## Work required
Take each line of the entries below that contains "mathrm" and copy it.

## Data to process
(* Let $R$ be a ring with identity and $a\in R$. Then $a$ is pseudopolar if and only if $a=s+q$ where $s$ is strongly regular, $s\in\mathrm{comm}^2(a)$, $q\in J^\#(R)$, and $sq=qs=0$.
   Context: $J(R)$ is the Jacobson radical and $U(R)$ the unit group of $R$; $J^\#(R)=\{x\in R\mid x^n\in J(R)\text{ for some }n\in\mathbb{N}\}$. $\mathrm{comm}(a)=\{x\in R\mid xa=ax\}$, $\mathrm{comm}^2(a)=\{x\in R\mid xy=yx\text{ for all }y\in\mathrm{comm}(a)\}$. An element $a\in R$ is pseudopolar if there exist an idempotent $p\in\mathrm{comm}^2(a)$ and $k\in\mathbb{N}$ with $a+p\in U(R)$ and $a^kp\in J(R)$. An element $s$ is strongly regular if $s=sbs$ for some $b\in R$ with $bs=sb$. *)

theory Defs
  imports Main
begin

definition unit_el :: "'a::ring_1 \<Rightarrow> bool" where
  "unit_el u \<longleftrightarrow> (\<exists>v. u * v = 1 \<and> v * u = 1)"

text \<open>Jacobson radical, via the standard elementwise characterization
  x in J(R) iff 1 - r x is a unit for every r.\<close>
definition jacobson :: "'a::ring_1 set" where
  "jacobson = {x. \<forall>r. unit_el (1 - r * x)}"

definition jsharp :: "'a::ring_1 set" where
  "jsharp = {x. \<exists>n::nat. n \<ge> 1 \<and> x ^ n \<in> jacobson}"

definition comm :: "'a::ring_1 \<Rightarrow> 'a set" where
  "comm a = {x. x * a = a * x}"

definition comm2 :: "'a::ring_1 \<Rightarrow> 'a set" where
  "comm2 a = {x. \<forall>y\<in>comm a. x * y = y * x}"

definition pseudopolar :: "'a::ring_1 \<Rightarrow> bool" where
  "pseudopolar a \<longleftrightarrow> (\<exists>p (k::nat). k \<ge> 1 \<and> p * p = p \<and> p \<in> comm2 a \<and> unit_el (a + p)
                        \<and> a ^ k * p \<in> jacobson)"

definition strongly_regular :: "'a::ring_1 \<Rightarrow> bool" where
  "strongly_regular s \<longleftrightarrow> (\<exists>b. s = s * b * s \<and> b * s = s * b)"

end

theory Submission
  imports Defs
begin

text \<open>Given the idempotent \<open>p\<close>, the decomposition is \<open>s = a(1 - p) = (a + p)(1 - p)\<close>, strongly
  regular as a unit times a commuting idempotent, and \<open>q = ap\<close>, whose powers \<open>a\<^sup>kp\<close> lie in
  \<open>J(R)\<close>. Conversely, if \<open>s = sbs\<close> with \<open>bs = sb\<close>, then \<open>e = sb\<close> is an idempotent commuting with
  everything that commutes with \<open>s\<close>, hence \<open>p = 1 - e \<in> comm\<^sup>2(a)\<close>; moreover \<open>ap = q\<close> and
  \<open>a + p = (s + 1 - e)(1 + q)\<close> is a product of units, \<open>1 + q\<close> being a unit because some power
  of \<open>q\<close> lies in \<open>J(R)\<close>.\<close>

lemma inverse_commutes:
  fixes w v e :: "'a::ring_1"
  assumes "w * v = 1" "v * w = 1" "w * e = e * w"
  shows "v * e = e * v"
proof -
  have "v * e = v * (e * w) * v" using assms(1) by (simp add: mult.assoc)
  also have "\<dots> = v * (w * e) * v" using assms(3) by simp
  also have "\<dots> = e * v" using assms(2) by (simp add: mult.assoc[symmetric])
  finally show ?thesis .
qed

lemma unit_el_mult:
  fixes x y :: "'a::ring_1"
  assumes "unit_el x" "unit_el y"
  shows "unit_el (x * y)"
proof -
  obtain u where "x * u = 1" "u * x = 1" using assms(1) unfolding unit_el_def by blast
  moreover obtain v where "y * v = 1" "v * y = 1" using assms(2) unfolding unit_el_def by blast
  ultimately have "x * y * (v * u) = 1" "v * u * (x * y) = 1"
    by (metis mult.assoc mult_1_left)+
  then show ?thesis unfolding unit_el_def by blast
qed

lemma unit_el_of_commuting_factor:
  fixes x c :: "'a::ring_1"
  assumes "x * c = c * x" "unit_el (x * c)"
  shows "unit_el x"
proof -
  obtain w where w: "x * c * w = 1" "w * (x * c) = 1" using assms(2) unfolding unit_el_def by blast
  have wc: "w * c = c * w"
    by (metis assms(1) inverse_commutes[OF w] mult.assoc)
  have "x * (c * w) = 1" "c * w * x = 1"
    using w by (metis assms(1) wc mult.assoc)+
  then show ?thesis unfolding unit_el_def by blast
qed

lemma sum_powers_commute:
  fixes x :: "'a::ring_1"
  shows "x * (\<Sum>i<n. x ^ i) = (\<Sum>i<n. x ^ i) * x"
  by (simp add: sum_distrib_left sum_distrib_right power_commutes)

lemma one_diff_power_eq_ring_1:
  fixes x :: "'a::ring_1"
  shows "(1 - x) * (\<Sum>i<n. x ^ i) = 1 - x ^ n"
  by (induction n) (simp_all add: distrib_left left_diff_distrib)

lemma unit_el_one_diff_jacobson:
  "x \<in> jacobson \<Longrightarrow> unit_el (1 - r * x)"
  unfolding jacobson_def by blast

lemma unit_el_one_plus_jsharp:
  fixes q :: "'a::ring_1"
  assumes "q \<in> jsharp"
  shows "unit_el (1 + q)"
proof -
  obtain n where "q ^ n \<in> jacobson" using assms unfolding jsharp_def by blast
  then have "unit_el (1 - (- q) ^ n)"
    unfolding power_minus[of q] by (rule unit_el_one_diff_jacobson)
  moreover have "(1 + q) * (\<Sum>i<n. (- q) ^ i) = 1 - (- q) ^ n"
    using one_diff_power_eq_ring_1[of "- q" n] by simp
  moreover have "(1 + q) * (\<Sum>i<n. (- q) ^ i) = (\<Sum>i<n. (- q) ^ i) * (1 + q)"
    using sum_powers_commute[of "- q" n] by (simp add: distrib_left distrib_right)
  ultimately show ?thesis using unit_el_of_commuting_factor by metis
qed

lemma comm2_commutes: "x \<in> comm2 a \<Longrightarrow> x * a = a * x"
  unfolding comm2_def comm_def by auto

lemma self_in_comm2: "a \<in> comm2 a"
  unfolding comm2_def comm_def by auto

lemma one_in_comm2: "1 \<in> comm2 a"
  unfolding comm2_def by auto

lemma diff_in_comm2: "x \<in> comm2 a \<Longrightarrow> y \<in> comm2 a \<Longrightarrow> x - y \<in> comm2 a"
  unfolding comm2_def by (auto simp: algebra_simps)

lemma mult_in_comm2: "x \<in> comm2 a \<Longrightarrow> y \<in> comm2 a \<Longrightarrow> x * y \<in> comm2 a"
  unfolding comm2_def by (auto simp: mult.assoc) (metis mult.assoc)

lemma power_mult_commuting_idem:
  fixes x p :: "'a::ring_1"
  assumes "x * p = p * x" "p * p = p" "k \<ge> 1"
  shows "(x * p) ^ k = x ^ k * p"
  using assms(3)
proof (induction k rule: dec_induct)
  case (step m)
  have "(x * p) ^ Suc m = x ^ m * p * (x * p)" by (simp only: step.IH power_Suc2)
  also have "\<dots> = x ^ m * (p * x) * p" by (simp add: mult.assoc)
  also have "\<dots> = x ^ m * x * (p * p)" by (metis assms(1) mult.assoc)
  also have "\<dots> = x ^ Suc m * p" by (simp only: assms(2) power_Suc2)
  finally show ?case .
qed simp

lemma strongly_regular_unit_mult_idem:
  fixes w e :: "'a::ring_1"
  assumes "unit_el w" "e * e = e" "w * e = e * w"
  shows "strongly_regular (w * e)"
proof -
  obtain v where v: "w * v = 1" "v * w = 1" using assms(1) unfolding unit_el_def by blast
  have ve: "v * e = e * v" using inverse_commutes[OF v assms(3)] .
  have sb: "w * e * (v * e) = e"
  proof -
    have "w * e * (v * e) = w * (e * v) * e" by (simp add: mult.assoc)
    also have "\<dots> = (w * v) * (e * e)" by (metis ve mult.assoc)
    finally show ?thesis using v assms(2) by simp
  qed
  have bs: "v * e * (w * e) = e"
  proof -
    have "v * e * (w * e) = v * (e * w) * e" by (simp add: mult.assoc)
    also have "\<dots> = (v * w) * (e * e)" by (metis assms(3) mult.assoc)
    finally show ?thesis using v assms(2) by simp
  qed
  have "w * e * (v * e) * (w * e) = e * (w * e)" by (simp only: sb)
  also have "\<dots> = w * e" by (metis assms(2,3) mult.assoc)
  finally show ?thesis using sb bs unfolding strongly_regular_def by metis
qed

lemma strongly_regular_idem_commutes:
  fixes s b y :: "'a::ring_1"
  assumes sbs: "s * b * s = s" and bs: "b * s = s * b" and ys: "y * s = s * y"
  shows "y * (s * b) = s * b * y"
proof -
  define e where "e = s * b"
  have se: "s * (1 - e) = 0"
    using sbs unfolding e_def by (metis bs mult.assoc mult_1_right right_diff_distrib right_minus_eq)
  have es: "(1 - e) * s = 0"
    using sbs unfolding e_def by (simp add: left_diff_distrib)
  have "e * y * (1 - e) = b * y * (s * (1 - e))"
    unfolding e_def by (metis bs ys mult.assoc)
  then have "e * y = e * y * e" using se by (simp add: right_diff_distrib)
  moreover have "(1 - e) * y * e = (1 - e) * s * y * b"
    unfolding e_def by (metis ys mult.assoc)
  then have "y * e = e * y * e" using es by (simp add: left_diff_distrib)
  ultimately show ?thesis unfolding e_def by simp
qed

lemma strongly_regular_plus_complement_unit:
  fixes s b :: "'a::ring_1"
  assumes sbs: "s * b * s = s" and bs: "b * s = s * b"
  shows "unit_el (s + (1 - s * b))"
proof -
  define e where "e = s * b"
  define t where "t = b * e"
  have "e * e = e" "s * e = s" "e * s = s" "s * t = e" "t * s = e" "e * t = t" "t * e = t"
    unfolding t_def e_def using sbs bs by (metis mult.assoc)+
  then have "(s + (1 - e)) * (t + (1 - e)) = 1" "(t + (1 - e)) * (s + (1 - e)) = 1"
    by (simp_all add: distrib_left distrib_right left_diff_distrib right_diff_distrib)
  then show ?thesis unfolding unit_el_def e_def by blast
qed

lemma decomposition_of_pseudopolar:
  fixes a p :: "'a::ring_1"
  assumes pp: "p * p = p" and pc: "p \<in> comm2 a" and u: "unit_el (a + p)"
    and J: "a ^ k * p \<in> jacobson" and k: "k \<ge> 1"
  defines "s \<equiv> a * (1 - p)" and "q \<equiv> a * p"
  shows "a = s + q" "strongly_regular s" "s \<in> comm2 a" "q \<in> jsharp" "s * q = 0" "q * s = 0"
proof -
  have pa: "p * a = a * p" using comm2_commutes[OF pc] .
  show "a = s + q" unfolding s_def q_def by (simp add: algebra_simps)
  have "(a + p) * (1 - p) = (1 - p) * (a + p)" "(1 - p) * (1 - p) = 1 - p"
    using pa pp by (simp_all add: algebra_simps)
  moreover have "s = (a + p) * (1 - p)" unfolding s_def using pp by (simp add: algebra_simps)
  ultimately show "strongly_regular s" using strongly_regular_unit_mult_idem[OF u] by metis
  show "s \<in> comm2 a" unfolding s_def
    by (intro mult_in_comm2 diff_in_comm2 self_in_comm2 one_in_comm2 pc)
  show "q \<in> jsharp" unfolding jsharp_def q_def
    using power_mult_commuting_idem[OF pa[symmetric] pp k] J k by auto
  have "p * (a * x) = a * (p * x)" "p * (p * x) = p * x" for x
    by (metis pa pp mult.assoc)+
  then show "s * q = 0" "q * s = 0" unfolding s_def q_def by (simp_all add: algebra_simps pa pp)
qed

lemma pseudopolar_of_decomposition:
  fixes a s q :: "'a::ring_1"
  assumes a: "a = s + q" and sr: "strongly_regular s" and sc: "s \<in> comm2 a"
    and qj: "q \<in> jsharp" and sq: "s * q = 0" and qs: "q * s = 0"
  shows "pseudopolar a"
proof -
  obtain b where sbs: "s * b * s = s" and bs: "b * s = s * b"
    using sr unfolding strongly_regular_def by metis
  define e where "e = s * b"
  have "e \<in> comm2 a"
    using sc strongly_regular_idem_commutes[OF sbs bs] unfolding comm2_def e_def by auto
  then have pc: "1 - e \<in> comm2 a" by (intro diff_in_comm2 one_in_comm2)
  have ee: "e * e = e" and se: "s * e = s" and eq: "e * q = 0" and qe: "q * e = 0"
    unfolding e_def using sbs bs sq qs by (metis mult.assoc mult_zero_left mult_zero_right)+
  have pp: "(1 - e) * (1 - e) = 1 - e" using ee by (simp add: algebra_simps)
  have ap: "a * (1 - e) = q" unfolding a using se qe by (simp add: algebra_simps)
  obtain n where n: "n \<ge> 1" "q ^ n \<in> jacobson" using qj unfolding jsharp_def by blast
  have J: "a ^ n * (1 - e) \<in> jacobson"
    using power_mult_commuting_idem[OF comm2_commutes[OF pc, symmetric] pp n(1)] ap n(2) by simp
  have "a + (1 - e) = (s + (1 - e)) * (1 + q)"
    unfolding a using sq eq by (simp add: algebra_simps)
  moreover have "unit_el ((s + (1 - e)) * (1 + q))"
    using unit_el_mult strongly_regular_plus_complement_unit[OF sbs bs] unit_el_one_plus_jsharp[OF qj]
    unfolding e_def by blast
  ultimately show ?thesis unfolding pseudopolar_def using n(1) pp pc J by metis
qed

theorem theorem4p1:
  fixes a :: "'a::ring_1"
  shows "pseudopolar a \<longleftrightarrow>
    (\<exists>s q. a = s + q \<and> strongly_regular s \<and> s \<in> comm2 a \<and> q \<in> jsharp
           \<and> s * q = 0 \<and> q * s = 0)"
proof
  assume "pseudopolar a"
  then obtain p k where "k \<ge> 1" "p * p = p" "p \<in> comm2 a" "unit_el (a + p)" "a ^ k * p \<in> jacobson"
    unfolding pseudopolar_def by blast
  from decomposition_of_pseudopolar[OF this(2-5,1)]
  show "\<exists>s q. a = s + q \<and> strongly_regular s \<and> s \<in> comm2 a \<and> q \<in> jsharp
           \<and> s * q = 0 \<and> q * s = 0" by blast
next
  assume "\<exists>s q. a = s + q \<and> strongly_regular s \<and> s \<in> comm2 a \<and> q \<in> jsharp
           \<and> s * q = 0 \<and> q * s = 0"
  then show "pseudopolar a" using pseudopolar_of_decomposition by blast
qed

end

## Answer for this exercise
(* Let $R$ be a ring with identity and $a\in R$. Then $a$ is pseudopolar if and only if $a=s+q$ where $s$ is strongly regular, $s\in\mathrm{comm}^2(a)$, $q\in J^\#(R)$, and $sq=qs=0$.
   Context: $J(R)$ is the Jacobson radical and $U(R)$ the unit group of $R$; $J^\#(R)=\{x\in R\mid x^n\in J(R)\text{ for some }n\in\mathbb{N}\}$. $\mathrm{comm}(a)=\{x\in R\mid xa=ax\}$, $\mathrm{comm}^2(a)=\{x\in R\mid xy=yx\text{ for all }y\in\mathrm{comm}(a)\}$. An element $a\in R$ is pseudopolar if there exist an idempotent $p\in\mathrm{comm}^2(a)$ and $k\in\mathbb{N}$ with $a+p\in U(R)$ and $a^kp\in J(R)$. An element $s$ is strongly regular if $s=sbs$ for some $b\in R$ with $bs=sb$. *)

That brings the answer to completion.